After the war, when Sylvie tried to tell people of how she had stolen Caroline from the arms of the camp, they looked at her in disbelief, as if she were concocting a tall-tale. They couldn’t imagine that it had been quite that easy; but then neither could they imagine the horror of even those camps.
The war, with its daily heroisms and daily atrocities, strained the bounds of peacetime belief.
Jacob arrived in Marseilles at the turn of the year, just after the Germans had taken over the whole of France. He had been prevented from coming sooner. Sylvie’s message had reached him late. His first instinct was to go to her. But he had weighed up his desire to see her, to comfort her against other commitments. The latter had won. As had his sure sense that to see her at that moment, would endanger them both and implicate others.
As the Allies began to make dents into the German war machine, retaliatory measures in the occupied zones grew ever fiercer. Police vigilance increased and acts against the Jewish population and resisters multiplied. For some time now, Jacob had been worried about the safety of the house on the hill and Sylvie’s too frequent visits there. He had already decided, before receiving Sylvie’s note, that the house had outlived its use. The present group of inhabitants would be the last. But he had been too late.
Jacob quickly ascertained that the group had been removed to Gurs. He had spent several weeks there working as a doctor during the winter when the typhoid epidemic was at its height. Over a thousand of its sixteen thousand inmates had died of disease or starvation. He knew that it was possible to get people out: he had done it before. But it would be too risky for him to go back there again. He set about making contacts with other medical personnel and the Red Cross. Three days after Sylvie had left Gurs with Caroline, two men were smuggled out of the camp in a Red Cross ambulance. One of them was Joseph Rittner. Jacob did not learn until later that he had been recaptured crossing the Pyrenees. He did learn that there was no one in the camp by the name of Caroline Berger.

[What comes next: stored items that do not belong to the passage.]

(* $\chi(\operatorname{KG}(F_7))=3$, and $\chi(\operatorname{KG}(N))=5$ where $N$ is the non-Pappus matroid.
   Context: The matroid Kneser graph $\operatorname{KG}(M)$ has the bases of $M$ as vertices, two bases being adjacent when they are disjoint; $\chi$ is chromatic number. $F_7$ is the Fano matroid: rank $3$ on the $7$ points of the Fano plane, bases being the $3$-subsets that are not lines. The non-Pappus matroid $N$ is the rank-$3$ matroid on $\{1,\dots,9\}$ whose bases are the $3$-subsets other than the eight collinear triples $\{1,2,9\},\{4,6,7\},\{1,7,8\},\{1,4,5\},\{2,5,6\},\{6,8,9\},\{3,4,9\},\{2,3,7\}$ (the Pappus configuration with the line $\{3,5,8\}$ removed). *)

theory Defs
  imports Main
begin

text \<open>A rank-3 matroid given by its ground set and the set of collinear triples
(dependent 3-subsets); its bases are the 3-subsets of the ground set that are not
among those triples.\<close>
definition rank3_bases :: "nat set \<Rightarrow> nat set set \<Rightarrow> nat set set" where
  "rank3_bases E L = {B. B \<subseteq> E \<and> card B = 3 \<and> B \<notin> L}"
(* Let $n\ge 1$ and $1\le p\le k\le n$. The number $F(n;p,k)$ of $\alpha\in\mathcal{ORCT}_n$ with $h(\alpha)=p$ and $w^+(\alpha)=k$ equals $2\binom{n-1}{p-1}$ if $p>1$, and equals $1$ if $p=1$.
   Context: $X_n=\{1,2,\dots,n\}$ with its usual order; maps are written on the right ($x\alpha$). A map $\alpha:X_n\to X_n$ is order-preserving if $x\le y$ implies $x\alpha\le y\alpha$, order-reversing if $x\le y$ implies $x\alpha\ge y\alpha$, and a contraction if $|x\alpha-y\alpha|\le|x-y|$ for all $x,y$. $\mathcal{ORCT}_n$ is the set of all maps $X_n\to X_n$ (defined on all of $X_n$) that are contractions and are either order-preserving or order-reversing. Height $h(\alpha)=|\mathrm{Im}\,\alpha|$; right waist $w^+(\alpha)=\max(\mathrm{Im}\,\alpha)$. *)

theory Defs
  imports "HOL-Library.FuncSet"
begin

text \<open>Maps X_n -> X_n with X_n = {1..n}, represented as extensional functions
  (value undefined outside {1..n}), i.e. elements of {1..n} ->E {1..n}.\<close>

definition Xn :: "nat \<Rightarrow> nat set" where
  "Xn n = {1..n}"

definition order_preserving :: "nat \<Rightarrow> (nat \<Rightarrow> nat) \<Rightarrow> bool" where
  "order_preserving n f \<longleftrightarrow> (\<forall>x\<in>Xn n. \<forall>y\<in>Xn n. x \<le> y \<longrightarrow> f x \<le> f y)"
lemma Xdiff_pd_exchange:
  assumes "i \<in> {1,2}"
  obtains p q p' q' where
    "\<And>F x. smooth F \<Longrightarrow> Xdiff i F x = trig p q (fst x) *\<^sub>R pd 1 F x + trig p' q' (fst x) *\<^sub>R pd 2 F x"
    "\<And>F x. smooth F \<Longrightarrow> pd i F x = trig p q (fst x) *\<^sub>R Xdiff 1 F x + trig p' q' (fst x) *\<^sub>R Xdiff 2 F x"
proof -
  have one: "cos t * cos t + sin t * sin t = (1::real)" for t
    using sin_cos_squared_add[of t] by (simp add: power2_eq_square)
  have cs: "trig 1 0 t = cos t" "trig 0 (-1) t = - sin t" "trig (-1) 0 t = - cos t" for t
    by (simp_all add: trig_def)
  consider "i = 1" | "i = 2" using assms by auto
  then show ?thesis
  proof cases
    case 1
    show ?thesis
      by (rule that[of 1 0 0 "-1"])
        (simp_all only: 1 cs Xdiff_12_formula rotation_involution(1)[OF one])
  next
    case 2
    show ?thesis
      by (rule that[of 0 "-1" "-1" 0])
        (simp_all only: 2 cs Xdiff_12_formula rotation_involution(2)[OF one])
  qed
qed

lemma partial_span_Xdiff:
  assumes A: "A \<in> trig_span partial_ops" and i: "i \<in> {0,1,2}"
  shows "represented partial_ops (\<lambda>\<phi>. Xdiff i (A \<phi>))"
proof (cases "i = 0")
  case True
  then show ?thesis using partial_span_pd[OF A] by (simp add: Xdiff_0)
next
  case False
  then have "i \<in> {1,2}" using i by auto
  then obtain p q p' q' where X:
    "\<And>F x. smooth F \<Longrightarrow> Xdiff i F x = trig p q (fst x) *\<^sub>R pd 1 F x + trig p' q' (fst x) *\<^sub>R pd 2 F x"
    "\<And>F x. smooth F \<Longrightarrow> pd i F x = trig p q (fst x) *\<^sub>R Xdiff 1 F x + trig p' q' (fst x) *\<^sub>R Xdiff 2 F x"
    by (rule Xdiff_pd_exchange) blast
  obtain A1 A2 where A12: "A1 \<in> trig_span partial_ops" "A2 \<in> trig_span partial_ops"
    "\<forall>\<phi>. smooth \<phi> \<longrightarrow> pd 1 (A \<phi>) = A1 \<phi>" "\<forall>\<phi>. smooth \<phi> \<longrightarrow> pd 2 (A \<phi>) = A2 \<phi>"
    using partial_span_pd[OF A, of 1] partial_span_pd[OF A, of 2] unfolding represented_def by auto
  define B where "B = (\<lambda>\<phi> x. trig p q (fst x) *\<^sub>R A1 \<phi> x + trig p' q' (fst x) *\<^sub>R A2 \<phi> x)"
  have "B \<in> trig_span partial_ops" unfolding B_def by (intro trig_span.add trig_span.scale A12(1,2))
  moreover have "Xdiff i (A \<phi>) = B \<phi>" if "smooth \<phi>" for \<phi>
    using X(1)[OF represented_partial_smooth[OF represented_span[OF A] that]] A12(3,4) that
    by (auto simp: B_def)
  ultimately show ?thesis unfolding represented_def by blast
qed

lemma Xalpha_represented: "represented partial_ops (Xalpha \<alpha>)"
proof -
  obtain a b c where \<alpha>: "\<alpha> = (a,b,c)" by (cases \<alpha>)
  have X: "\<And>A. A \<in> trig_span partial_ops \<Longrightarrow> represented partial_ops (\<lambda>\<phi>. Xdiff i (A \<phi>))"
    if "i \<in> {0,1,2}" for i
    using partial_span_Xdiff that by blast
  have "represented partial_ops (\<lambda>\<phi>. (Xdiff 2 ^^ c) \<phi>)"
    by (rule represented_iterate[OF represented_id X]) simp
  then have "represented partial_ops (\<lambda>\<phi>. (Xdiff 1 ^^ b) ((Xdiff 2 ^^ c) \<phi>))"
    by (rule represented_iterate[OF _ X]) simp
  then have "represented partial_ops (\<lambda>\<phi>. (Xdiff 0 ^^ a) ((Xdiff 1 ^^ b) ((Xdiff 2 ^^ c) \<phi>)))"
    by (rule represented_iterate[OF _ X]) simp
  moreover have "Xalpha \<alpha> = (\<lambda>\<phi>. (Xdiff 0 ^^ a) ((Xdiff 1 ^^ b) ((Xdiff 2 ^^ c) \<phi>)))"
    unfolding \<alpha> by (rule ext) (rule Xalpha_Xdiff)
  ultimately show ?thesis by simp
qed

lemma Xalpha_smooth: "smooth \<phi> \<Longrightarrow> smooth (Xalpha \<alpha> \<phi>)"
  by (rule represented_partial_smooth[OF Xalpha_represented])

Now he had come to Marseilles to say goodbye to Sylvie. The German occupation of the Southern Zone dictated new strategies. It was imperative for him to go underground: the moment for armed resistance had come. Any future contact with Sylvie could only endanger her and the success of any operations he was involved in. He knew that his very love for her made her his Achilles heel. Yet he wanted desperately to see her, to hold her if only for one more time.
Jacob, however, had not sufficiently prepared himself for Sylvie’s state, for the difficulty of a meeting which was in reality a parting. Never compliant, Sylvie was now vehement. When he slipped into her room in the Hotel d’Algers late on that chill January night, she flew at him in a storm of irascibility.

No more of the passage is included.